WORK TO COMPLETE - Your answer should be the lines below from the one holding "exp_primitive_pos[OF t] by simp" through the one holding "dist_start_finite[OF t]]) auto", copied exactly and with nothing else.

╭──

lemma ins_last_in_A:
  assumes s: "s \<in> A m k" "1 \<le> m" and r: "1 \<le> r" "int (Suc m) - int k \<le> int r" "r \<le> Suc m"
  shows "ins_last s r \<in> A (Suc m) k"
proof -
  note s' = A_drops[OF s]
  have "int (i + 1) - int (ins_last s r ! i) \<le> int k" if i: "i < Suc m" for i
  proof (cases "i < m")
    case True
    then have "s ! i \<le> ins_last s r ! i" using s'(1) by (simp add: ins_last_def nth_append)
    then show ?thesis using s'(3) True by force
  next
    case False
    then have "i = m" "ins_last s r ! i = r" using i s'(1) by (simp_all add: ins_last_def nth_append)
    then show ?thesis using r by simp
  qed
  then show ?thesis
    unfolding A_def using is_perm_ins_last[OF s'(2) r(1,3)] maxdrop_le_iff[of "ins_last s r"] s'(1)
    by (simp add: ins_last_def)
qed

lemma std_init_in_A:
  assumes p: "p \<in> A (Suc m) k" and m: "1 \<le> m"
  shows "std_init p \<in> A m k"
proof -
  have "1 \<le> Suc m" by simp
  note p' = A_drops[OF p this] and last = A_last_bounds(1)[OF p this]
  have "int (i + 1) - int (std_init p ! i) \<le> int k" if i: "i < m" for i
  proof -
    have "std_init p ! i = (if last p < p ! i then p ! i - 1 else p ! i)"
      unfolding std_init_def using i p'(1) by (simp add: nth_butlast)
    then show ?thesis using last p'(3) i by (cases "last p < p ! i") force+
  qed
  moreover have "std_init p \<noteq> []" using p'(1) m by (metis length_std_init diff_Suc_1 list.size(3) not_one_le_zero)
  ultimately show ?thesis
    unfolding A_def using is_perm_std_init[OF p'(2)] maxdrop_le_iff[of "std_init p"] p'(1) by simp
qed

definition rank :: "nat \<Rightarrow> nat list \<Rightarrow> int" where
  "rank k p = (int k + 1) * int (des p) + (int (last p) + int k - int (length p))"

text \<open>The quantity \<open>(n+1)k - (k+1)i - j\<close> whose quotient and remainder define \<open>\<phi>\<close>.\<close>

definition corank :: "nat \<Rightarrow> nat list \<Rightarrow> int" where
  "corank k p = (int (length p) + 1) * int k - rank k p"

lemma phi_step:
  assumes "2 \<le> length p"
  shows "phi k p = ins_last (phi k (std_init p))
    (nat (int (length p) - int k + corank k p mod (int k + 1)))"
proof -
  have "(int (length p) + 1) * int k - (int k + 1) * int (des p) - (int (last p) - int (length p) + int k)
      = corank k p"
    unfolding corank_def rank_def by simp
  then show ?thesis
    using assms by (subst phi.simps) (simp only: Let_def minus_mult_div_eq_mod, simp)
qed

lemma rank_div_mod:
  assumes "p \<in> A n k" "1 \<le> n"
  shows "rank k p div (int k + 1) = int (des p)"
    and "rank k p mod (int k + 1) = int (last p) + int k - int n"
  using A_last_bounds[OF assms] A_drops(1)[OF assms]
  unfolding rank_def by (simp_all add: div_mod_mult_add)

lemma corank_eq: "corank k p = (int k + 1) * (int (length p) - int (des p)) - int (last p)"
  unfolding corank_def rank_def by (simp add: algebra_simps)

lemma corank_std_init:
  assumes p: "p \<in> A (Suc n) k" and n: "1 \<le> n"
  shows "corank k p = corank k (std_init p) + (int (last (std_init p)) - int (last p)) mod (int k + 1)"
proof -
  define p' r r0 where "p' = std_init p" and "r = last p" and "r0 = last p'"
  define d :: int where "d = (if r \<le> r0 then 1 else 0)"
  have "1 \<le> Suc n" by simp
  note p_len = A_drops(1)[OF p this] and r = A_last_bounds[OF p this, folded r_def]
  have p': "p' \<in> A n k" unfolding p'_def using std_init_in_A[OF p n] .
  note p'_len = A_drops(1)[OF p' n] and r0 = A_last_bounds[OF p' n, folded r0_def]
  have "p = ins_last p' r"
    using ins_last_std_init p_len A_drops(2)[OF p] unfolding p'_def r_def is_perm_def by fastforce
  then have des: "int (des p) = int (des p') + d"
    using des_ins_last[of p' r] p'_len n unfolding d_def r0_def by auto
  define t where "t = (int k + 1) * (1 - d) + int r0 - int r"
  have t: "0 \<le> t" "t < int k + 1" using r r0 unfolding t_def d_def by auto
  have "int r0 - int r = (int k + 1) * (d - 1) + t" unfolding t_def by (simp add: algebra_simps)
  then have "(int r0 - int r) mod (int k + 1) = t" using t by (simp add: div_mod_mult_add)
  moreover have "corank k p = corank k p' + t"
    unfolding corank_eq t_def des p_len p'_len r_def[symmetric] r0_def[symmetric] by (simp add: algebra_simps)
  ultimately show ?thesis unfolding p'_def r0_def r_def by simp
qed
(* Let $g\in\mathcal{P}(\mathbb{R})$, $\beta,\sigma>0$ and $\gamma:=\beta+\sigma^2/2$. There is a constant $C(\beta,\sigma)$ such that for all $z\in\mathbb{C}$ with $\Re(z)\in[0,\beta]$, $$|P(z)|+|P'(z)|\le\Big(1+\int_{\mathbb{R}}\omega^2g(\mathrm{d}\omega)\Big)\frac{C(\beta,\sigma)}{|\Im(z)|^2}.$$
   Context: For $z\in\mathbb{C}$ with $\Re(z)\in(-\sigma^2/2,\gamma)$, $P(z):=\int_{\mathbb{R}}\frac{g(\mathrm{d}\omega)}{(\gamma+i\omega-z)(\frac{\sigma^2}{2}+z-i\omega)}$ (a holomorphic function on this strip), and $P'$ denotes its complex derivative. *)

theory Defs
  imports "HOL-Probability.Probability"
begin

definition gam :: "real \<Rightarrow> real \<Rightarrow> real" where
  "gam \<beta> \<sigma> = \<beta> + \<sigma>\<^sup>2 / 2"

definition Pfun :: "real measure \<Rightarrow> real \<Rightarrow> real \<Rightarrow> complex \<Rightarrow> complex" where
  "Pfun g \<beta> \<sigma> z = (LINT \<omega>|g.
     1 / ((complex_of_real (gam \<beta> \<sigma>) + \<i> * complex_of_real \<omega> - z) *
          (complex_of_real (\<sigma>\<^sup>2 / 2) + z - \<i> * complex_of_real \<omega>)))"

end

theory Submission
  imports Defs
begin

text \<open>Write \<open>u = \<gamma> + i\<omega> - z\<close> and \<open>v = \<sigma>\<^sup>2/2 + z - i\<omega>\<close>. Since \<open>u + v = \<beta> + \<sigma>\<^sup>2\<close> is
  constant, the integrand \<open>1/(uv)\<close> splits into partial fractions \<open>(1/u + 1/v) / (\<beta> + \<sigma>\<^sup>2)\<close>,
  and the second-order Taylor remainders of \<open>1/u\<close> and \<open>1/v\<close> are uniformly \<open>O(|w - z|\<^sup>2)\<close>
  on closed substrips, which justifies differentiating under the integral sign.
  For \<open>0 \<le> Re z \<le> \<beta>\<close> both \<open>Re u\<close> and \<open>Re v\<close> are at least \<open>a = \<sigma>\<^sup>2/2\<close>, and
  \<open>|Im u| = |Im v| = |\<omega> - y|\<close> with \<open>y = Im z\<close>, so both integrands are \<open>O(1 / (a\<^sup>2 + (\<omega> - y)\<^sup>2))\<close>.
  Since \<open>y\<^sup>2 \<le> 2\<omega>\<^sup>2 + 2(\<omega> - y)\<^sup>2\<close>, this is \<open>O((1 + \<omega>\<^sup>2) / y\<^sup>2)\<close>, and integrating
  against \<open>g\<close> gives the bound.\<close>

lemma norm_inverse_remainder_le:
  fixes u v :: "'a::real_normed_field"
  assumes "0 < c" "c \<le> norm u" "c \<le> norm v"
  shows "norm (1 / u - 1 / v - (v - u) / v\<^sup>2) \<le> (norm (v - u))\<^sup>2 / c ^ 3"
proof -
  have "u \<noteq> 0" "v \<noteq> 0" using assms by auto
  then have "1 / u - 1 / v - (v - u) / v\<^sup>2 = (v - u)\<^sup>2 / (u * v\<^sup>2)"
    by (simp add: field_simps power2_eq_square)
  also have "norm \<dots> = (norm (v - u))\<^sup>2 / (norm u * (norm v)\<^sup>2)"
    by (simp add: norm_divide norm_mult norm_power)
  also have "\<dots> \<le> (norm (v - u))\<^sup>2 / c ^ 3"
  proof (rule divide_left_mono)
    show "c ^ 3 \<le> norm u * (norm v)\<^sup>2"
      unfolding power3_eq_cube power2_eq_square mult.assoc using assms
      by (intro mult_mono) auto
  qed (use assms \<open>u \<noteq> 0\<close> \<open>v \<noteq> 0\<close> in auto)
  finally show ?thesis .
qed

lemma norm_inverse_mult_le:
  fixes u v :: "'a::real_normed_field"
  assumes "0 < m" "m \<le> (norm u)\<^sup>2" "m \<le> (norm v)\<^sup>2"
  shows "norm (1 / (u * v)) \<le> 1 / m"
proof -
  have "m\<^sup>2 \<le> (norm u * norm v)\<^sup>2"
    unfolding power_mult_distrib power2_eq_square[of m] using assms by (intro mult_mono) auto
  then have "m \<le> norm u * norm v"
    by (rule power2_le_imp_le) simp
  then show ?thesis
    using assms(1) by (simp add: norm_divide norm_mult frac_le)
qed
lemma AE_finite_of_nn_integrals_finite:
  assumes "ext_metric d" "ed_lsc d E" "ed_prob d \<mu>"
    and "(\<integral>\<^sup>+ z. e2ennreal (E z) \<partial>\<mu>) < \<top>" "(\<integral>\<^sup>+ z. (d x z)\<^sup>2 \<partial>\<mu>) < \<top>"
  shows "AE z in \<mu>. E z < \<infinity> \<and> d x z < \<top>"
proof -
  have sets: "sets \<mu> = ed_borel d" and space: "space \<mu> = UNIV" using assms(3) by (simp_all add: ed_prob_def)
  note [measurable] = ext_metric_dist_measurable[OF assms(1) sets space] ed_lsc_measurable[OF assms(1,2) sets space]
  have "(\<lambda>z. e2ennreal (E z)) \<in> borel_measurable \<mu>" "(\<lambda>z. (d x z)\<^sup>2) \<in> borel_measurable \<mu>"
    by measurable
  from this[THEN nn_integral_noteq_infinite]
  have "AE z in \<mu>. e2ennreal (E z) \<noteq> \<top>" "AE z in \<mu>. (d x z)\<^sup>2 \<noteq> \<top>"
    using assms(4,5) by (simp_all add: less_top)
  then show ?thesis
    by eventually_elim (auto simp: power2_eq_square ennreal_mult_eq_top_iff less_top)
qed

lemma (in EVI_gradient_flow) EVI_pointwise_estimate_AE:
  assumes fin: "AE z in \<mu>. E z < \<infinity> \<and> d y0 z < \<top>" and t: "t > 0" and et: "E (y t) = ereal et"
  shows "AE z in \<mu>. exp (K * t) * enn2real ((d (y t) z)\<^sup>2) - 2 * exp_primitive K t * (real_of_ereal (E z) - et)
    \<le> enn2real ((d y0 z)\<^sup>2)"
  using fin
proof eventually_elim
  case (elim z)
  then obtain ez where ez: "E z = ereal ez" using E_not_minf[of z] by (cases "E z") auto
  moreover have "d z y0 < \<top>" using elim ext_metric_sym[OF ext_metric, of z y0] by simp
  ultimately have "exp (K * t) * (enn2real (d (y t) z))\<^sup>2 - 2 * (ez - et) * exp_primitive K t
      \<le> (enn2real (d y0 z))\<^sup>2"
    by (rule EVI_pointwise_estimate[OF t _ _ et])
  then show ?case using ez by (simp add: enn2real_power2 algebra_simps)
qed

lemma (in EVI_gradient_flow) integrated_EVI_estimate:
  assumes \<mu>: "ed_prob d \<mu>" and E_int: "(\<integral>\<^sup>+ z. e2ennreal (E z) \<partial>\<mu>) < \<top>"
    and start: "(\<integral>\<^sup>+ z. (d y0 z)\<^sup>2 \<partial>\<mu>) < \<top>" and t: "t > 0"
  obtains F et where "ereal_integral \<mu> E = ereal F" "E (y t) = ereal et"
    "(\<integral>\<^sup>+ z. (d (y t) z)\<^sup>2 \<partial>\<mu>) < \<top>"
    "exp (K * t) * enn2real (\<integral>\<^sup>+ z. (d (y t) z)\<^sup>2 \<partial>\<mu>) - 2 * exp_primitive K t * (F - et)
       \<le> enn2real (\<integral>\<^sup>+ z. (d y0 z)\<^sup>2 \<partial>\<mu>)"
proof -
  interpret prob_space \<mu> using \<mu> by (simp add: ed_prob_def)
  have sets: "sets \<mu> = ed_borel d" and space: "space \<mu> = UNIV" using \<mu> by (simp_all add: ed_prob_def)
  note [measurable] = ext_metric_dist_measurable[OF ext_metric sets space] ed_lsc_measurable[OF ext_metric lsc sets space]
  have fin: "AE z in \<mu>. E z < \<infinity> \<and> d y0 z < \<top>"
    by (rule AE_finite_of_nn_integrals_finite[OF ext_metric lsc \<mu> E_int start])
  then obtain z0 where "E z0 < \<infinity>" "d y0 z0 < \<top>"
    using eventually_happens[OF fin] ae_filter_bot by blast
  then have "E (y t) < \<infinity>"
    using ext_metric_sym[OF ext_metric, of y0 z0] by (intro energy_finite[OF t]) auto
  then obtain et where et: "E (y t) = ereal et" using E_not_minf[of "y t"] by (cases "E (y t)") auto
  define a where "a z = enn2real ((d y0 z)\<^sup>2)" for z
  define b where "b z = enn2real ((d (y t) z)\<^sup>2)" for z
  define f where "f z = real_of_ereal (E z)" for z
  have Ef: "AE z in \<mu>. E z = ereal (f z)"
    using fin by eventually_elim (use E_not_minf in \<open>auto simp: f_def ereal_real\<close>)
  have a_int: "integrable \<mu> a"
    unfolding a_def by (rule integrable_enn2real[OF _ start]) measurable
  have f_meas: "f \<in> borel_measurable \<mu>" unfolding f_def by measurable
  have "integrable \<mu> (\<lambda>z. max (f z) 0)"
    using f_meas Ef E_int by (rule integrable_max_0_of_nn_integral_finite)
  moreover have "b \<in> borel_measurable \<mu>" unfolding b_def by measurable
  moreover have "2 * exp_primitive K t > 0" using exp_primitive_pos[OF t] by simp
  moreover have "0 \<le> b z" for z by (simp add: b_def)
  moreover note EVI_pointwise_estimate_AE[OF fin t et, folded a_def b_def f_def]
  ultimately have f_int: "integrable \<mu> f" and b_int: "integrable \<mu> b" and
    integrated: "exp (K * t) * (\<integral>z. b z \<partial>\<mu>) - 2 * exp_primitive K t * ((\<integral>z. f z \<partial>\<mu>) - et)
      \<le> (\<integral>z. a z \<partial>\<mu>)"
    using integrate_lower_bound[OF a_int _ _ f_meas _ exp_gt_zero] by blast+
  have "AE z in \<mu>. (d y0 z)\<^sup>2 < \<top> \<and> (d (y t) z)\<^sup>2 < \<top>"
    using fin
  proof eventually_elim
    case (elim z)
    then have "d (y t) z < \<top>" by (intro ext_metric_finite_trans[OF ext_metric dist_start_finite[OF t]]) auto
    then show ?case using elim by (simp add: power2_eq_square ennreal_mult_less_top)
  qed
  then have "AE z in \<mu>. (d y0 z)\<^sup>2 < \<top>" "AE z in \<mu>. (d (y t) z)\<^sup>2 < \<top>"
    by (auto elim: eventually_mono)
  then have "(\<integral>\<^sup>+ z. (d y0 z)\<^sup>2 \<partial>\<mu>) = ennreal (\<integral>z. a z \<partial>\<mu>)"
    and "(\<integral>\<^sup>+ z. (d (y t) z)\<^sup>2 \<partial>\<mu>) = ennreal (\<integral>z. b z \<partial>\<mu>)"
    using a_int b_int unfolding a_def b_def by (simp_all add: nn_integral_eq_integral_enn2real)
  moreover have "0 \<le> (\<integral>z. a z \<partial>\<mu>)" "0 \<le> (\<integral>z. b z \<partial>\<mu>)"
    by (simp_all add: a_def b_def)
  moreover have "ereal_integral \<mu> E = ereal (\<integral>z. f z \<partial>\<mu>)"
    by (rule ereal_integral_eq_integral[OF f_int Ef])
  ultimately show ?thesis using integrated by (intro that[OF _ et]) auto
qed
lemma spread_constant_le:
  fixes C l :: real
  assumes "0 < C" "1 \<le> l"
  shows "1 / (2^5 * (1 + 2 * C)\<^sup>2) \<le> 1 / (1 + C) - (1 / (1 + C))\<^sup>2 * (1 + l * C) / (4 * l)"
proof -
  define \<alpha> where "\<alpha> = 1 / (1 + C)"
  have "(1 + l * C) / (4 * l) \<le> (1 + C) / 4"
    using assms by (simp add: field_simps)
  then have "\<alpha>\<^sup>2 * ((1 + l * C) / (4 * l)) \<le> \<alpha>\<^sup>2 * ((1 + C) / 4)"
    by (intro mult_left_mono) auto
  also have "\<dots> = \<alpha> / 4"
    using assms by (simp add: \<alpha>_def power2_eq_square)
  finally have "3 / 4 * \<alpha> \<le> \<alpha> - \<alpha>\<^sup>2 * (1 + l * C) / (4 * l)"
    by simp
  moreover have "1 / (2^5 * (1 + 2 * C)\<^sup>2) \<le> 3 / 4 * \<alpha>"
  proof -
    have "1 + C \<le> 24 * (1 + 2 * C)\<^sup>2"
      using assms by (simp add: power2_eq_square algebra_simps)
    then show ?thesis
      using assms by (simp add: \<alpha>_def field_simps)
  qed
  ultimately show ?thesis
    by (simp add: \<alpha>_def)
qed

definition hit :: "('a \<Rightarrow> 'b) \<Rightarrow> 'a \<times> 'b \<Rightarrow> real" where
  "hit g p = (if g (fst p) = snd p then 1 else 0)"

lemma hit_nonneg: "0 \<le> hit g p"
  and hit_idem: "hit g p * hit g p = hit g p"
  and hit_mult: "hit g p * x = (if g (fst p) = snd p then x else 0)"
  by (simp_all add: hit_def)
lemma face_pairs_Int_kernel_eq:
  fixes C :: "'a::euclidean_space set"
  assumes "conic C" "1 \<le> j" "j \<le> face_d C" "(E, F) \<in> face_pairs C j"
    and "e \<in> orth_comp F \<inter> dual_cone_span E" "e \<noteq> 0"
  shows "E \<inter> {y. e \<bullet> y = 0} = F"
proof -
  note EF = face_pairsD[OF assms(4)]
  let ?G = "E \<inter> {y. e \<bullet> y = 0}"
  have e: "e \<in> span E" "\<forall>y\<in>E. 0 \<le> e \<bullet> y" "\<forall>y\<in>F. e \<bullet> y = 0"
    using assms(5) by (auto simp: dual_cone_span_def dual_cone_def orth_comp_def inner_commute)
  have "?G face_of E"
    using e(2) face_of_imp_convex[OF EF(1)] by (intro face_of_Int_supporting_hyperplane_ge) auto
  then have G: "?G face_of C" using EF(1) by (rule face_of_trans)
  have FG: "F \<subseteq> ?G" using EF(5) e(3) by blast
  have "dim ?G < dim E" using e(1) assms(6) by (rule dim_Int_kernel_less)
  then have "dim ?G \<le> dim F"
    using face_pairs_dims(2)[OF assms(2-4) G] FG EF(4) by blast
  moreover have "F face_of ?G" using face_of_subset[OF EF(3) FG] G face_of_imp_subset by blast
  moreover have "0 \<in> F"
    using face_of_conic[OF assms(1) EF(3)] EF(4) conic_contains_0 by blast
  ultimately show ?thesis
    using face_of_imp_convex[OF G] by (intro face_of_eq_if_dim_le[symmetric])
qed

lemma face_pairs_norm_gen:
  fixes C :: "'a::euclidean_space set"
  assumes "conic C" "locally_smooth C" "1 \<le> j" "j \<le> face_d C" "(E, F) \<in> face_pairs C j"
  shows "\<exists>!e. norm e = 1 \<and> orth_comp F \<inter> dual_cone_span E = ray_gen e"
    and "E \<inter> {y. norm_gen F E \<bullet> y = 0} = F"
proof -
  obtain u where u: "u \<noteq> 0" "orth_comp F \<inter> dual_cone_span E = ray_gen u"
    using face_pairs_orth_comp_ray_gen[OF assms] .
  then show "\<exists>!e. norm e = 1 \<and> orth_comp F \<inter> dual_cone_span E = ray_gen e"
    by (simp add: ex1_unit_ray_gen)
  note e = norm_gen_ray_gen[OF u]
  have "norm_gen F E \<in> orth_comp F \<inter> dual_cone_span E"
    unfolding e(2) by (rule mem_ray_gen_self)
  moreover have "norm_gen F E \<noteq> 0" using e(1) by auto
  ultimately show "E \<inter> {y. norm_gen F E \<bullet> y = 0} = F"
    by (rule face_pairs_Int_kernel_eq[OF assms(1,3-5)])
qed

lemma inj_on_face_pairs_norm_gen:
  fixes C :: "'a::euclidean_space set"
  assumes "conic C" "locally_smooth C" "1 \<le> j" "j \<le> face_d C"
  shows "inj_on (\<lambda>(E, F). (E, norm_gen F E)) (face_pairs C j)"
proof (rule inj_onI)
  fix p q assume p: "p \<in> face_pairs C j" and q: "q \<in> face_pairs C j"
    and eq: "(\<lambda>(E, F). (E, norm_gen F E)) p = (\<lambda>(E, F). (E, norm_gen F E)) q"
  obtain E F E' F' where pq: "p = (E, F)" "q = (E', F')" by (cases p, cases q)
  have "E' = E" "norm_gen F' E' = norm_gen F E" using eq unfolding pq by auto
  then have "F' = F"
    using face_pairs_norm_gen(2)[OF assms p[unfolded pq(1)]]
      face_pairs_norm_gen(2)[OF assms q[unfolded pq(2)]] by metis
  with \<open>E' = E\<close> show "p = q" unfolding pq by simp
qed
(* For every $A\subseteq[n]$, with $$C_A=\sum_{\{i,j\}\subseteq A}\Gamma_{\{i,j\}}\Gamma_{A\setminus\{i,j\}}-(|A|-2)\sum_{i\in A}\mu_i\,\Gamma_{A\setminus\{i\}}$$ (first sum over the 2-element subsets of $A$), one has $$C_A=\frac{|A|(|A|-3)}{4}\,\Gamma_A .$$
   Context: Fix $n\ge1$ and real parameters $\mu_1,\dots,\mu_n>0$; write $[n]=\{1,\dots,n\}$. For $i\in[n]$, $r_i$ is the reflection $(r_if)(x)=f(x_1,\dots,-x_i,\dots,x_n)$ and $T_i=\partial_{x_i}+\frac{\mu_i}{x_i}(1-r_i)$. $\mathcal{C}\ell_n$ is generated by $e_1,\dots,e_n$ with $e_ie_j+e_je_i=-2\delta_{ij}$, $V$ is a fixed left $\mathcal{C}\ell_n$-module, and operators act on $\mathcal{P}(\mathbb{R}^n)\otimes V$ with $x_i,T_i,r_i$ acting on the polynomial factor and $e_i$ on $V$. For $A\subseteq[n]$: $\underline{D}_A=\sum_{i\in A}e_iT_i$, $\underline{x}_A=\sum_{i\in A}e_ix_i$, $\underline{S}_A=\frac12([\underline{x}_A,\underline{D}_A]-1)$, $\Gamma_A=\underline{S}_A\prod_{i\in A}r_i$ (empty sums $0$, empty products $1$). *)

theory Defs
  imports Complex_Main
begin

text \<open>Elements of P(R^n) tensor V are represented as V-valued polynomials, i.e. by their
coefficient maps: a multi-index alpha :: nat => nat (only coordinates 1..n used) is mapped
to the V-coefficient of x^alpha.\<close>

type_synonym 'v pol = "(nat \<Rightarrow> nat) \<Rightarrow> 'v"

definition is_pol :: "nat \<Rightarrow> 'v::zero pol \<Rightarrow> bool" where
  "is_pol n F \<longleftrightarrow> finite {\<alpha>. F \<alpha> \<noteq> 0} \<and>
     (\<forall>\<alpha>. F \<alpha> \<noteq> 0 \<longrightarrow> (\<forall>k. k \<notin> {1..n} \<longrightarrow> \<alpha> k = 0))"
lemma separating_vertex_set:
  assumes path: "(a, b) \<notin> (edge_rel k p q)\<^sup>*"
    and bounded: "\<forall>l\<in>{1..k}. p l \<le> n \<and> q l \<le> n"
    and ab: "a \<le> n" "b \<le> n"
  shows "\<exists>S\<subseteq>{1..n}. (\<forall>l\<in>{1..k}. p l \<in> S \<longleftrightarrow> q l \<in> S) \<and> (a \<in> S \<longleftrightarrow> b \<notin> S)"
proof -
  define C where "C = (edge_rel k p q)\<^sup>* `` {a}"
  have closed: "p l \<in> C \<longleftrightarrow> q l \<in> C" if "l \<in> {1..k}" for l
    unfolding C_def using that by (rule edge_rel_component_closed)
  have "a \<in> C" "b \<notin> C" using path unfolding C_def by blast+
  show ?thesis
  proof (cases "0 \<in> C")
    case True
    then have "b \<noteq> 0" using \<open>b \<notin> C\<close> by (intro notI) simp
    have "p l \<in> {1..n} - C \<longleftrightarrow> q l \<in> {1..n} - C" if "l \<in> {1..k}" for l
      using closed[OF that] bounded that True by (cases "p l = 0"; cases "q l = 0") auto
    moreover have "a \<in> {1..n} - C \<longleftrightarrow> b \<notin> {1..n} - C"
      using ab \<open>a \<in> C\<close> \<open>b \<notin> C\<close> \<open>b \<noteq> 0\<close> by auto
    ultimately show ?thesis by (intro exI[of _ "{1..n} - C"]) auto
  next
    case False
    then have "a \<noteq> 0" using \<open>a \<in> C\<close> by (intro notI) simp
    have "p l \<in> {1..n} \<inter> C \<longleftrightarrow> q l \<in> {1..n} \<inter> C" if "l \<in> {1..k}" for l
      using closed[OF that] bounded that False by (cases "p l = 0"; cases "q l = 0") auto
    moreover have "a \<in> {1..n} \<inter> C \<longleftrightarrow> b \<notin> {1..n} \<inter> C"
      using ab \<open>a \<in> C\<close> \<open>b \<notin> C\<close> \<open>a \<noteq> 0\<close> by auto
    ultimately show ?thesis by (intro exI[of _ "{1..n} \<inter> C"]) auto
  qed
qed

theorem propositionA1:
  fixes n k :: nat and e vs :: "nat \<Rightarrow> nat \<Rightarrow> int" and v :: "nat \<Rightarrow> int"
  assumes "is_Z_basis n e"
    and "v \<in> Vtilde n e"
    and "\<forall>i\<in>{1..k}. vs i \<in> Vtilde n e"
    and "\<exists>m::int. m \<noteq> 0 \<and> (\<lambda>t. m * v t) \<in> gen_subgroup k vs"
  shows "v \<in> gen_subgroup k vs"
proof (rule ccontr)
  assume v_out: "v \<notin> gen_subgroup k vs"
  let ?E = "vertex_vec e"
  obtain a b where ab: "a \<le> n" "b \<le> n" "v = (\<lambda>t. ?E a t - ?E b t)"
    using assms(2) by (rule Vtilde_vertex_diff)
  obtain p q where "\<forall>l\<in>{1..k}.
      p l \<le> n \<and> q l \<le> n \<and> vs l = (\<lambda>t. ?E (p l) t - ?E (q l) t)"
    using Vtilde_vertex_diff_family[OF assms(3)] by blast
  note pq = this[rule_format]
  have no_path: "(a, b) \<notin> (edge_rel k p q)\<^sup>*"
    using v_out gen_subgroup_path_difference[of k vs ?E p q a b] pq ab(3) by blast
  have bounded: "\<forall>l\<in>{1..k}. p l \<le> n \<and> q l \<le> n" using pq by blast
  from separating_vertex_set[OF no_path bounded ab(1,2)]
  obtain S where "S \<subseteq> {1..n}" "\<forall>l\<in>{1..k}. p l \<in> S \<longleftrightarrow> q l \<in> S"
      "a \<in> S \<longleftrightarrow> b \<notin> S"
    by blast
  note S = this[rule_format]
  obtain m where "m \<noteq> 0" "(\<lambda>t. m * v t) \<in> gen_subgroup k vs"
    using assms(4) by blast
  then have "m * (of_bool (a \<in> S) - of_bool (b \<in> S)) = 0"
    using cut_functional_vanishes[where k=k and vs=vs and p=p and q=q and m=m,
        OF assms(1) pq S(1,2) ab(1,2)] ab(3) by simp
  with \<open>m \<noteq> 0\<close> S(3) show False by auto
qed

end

╰──

EXERCISE RESPONSE -
  moreover have "2 * exp_primitive K t > 0" using exp_primitive_pos[OF t] by simp
  moreover have "0 \<le> b z" for z by (simp add: b_def)
  moreover note EVI_pointwise_estimate_AE[OF fin t et, folded a_def b_def f_def]
  ultimately have f_int: "integrable \<mu> f" and b_int: "integrable \<mu> b" and
    integrated: "exp (K * t) * (\<integral>z. b z \<partial>\<mu>) - 2 * exp_primitive K t * ((\<integral>z. f z \<partial>\<mu>) - et)
      \<le> (\<integral>z. a z \<partial>\<mu>)"
    using integrate_lower_bound[OF a_int _ _ f_meas _ exp_gt_zero] by blast+
  have "AE z in \<mu>. (d y0 z)\<^sup>2 < \<top> \<and> (d (y t) z)\<^sup>2 < \<top>"
    using fin
  proof eventually_elim
    case (elim z)
    then have "d (y t) z < \<top>" by (intro ext_metric_finite_trans[OF ext_metric dist_start_finite[OF t]]) auto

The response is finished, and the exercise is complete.